Does there exist a uniformly continuous function $f:[1,\infty)\to \mathbb R$ such that $\sum_{n=1}^\infty 1/f(n)$ is convergent ?
I know that $\exists M>0$ such that $|f(x)|< Mx, \forall x\in [1,\infty)$, so $|1/f(n)|>1/(Mn) ,\forall n \ge 1$, thus $\sum_{n=1}^\infty |1/f(n)|$ is divergent. But I don't know what happens with $\sum_{n=1}^\infty 1/f(n)$.
Please help
On
Assume that $\sum 1/f$ converges. Then for some $N_k \in \mathbb{N}$, $$n > N_k \implies |1/f(n)| < 1/k \implies |f(n)| > k.$$
$f$ is uniformly continuous. Therefore, there exists $m \in \mathbb{N}$ such that $|x-y| < 1/m \implies |f(x)-f(y)| < 1$. By the triangle inequality, this implies $|f(n+1)-f(n)|<m$ for all $n$.
Then if $a, a+1 > N_{\lceil m/2 \rceil} = N'$ are integers such that WLOG $f(a) > 0$ and $f(a+1) < 0$, then $f(a) > k$ and $f(a+1) < -k$. Then $|f(a+1)-f(a)|> 2\lceil m/2 \rceil > m$, contradiction. Therefore, $f(n)$ must not change sign for integer $n > N'$.
So, assume WLOG that $f(n)$ is eventually positive. Note this implies for $n > N'$ and $r \in \mathbb{N}$, that $f(n+r) > f(n)+ rm$.

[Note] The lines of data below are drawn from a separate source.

section \<open>The coefficients of t\<close>

lemma leading_system_Feq_Geq:
  assumes b: "b1 \<noteq> 0" "b2 \<noteq> 0" "b3 \<noteq> 0" "b4 \<noteq> 0"
  shows "leading_system (lamK (BB b1 b2 b3 b4)) (cK b1) (cK b2) (cK b3) (cK b4)
    (1 + fps_const (Feq b1 b2 b3 b4) * fps_X + fps_const (muK b1 b2 b3 b4) * fps_X^2)
    (fps_const LambdaK + fps_const (Geq b1 b2 b3 b4) * fps_X
      + fps_const (cK (BB b1 b2 b3 b4) / LambdaK * muK b1 b2 b3 b4) * fps_X^2)"
proof -
  have b': "cK b1 \<noteq> 0" "cK b2 \<noteq> 0" "cK b3 \<noteq> 0" "cK b4 \<noteq> 0"
    using b by simp_all
  have "cK b1 * cK b2 * cK b3 * cK b4 \<noteq> LambdaK^2"
    using LambdaK_power_neq_cK[of 2 "b1 * b2 * b3 * b4"] by (simp add: cK_mult)
  note S = leading_system_quadratic_solution[OF b' LambdaK_neq_0 this]
    and C = quadratic_solution_coefficients[OF b' LambdaK_neq_0]
  have "Feq b1 b2 b3 b4 = - (cK b1 * cK b2 * cK b3 * cK b4 * LambdaK
      * ((cK b1 + cK b2 + cK b3 + cK b4)
        + 2 * (inverse (cK b1) + inverse (cK b2) + inverse (cK b3) + inverse (cK b4)) * LambdaK
        + (inverse (cK b1) * inverse (cK b2) * inverse (cK b3)
          + inverse (cK b1) * inverse (cK b2) * inverse (cK b4)
          + inverse (cK b1) * inverse (cK b3) * inverse (cK b4)
          + inverse (cK b2) * inverse (cK b3) * inverse (cK b4)) * LambdaK^2))
      / (cK b1 * cK b2 * cK b3 * cK b4 - LambdaK^2)^2"
    by (simp add: Feq_def Let_def BB_def S1_def S3_def cK_add cK_mult cK_inverse)
  moreover have "Geq b1 b2 b3 b4 = - (cK b1 * cK b2 * cK b3 * cK b4 * LambdaK
      * ((cK b1 * cK b2 * cK b3 + cK b1 * cK b2 * cK b4 + cK b1 * cK b3 * cK b4
          + cK b2 * cK b3 * cK b4)
        + 2 * (cK b1 + cK b2 + cK b3 + cK b4) * LambdaK
        + (inverse (cK b1) + inverse (cK b2) + inverse (cK b3) + inverse (cK b4)) * LambdaK^2))
      / (cK b1 * cK b2 * cK b3 * cK b4 - LambdaK^2)^2"
    by (simp add: Geq_def Let_def BB_def S1_def S3_def cK_add cK_mult cK_inverse)
  moreover have "muK b1 b2 b3 b4 = LambdaK * (LambdaK + cK b1 * cK b2) * (LambdaK + cK b1 * cK b3)
      * (LambdaK + cK b1 * cK b4) * (LambdaK + cK b2 * cK b3) * (LambdaK + cK b2 * cK b4)
      * (LambdaK + cK b3 * cK b4) / (cK b1 * cK b2 * cK b3 * cK b4 - LambdaK^2)^4"
    by (simp add: muK_def Let_def BB_def cK_mult)
  moreover have "cK (BB b1 b2 b3 b4) = cK b1 * cK b2 * cK b3 * cK b4"
    by (simp add: BB_def cK_mult)
  moreover have "lamK (BB b1 b2 b3 b4) = LambdaK^2 / (cK b1 * cK b2 * cK b3 * cK b4)"
    by (simp add: lamK_def BB_def cK_mult)
  ultimately show ?thesis
    using S unfolding C by simp
qed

Write $$\sum_{n=1}^{\infty} \frac{1}{f(n)} = \sum_{n=1}^{N'} \frac{1}{f(n)} + \sum_{n= N'+1}^{\infty} \frac{1}{f(n)}$$
Realize that for the following series whose terms are strictly positive, $$\sum_{n= N'+1}^{\infty} \frac{1}{f(n)} > \sum_{n = 0}^{\infty} \frac{1}{f(N'+1) + nm},$$
and the RHS obviously diverges. Contradiction.
Let us assume that such a function $f$ exists. From the uniform continuity we get a constant $M > 0$ such that $$ \tag 1 |f(n+1) - f(n)| < M $$ for all $n \in \Bbb N$. In particular $|f(n)| < |f(1)| + nM$, so that $\sum_{n=1}^\infty \frac{1}{|f(n)|}$ diverges (as you already observed).
If $\sum_{n=1}^\infty \frac{1}{f(n)}$ is convergent then necessarily $|f(n)| \to \infty$ so that $$ \tag 2 |f(n)| > M $$ for $n \ge n_0$.
Combining these inequalities it follows that for $n \ge n_0$, all $f(n)$ have the same sign, so that $\sum_{n=1}^\infty \frac{1}{f(n)}$ is absolutely convergent, in contradiction to the above observation.
Therefore no such function $f$ exists.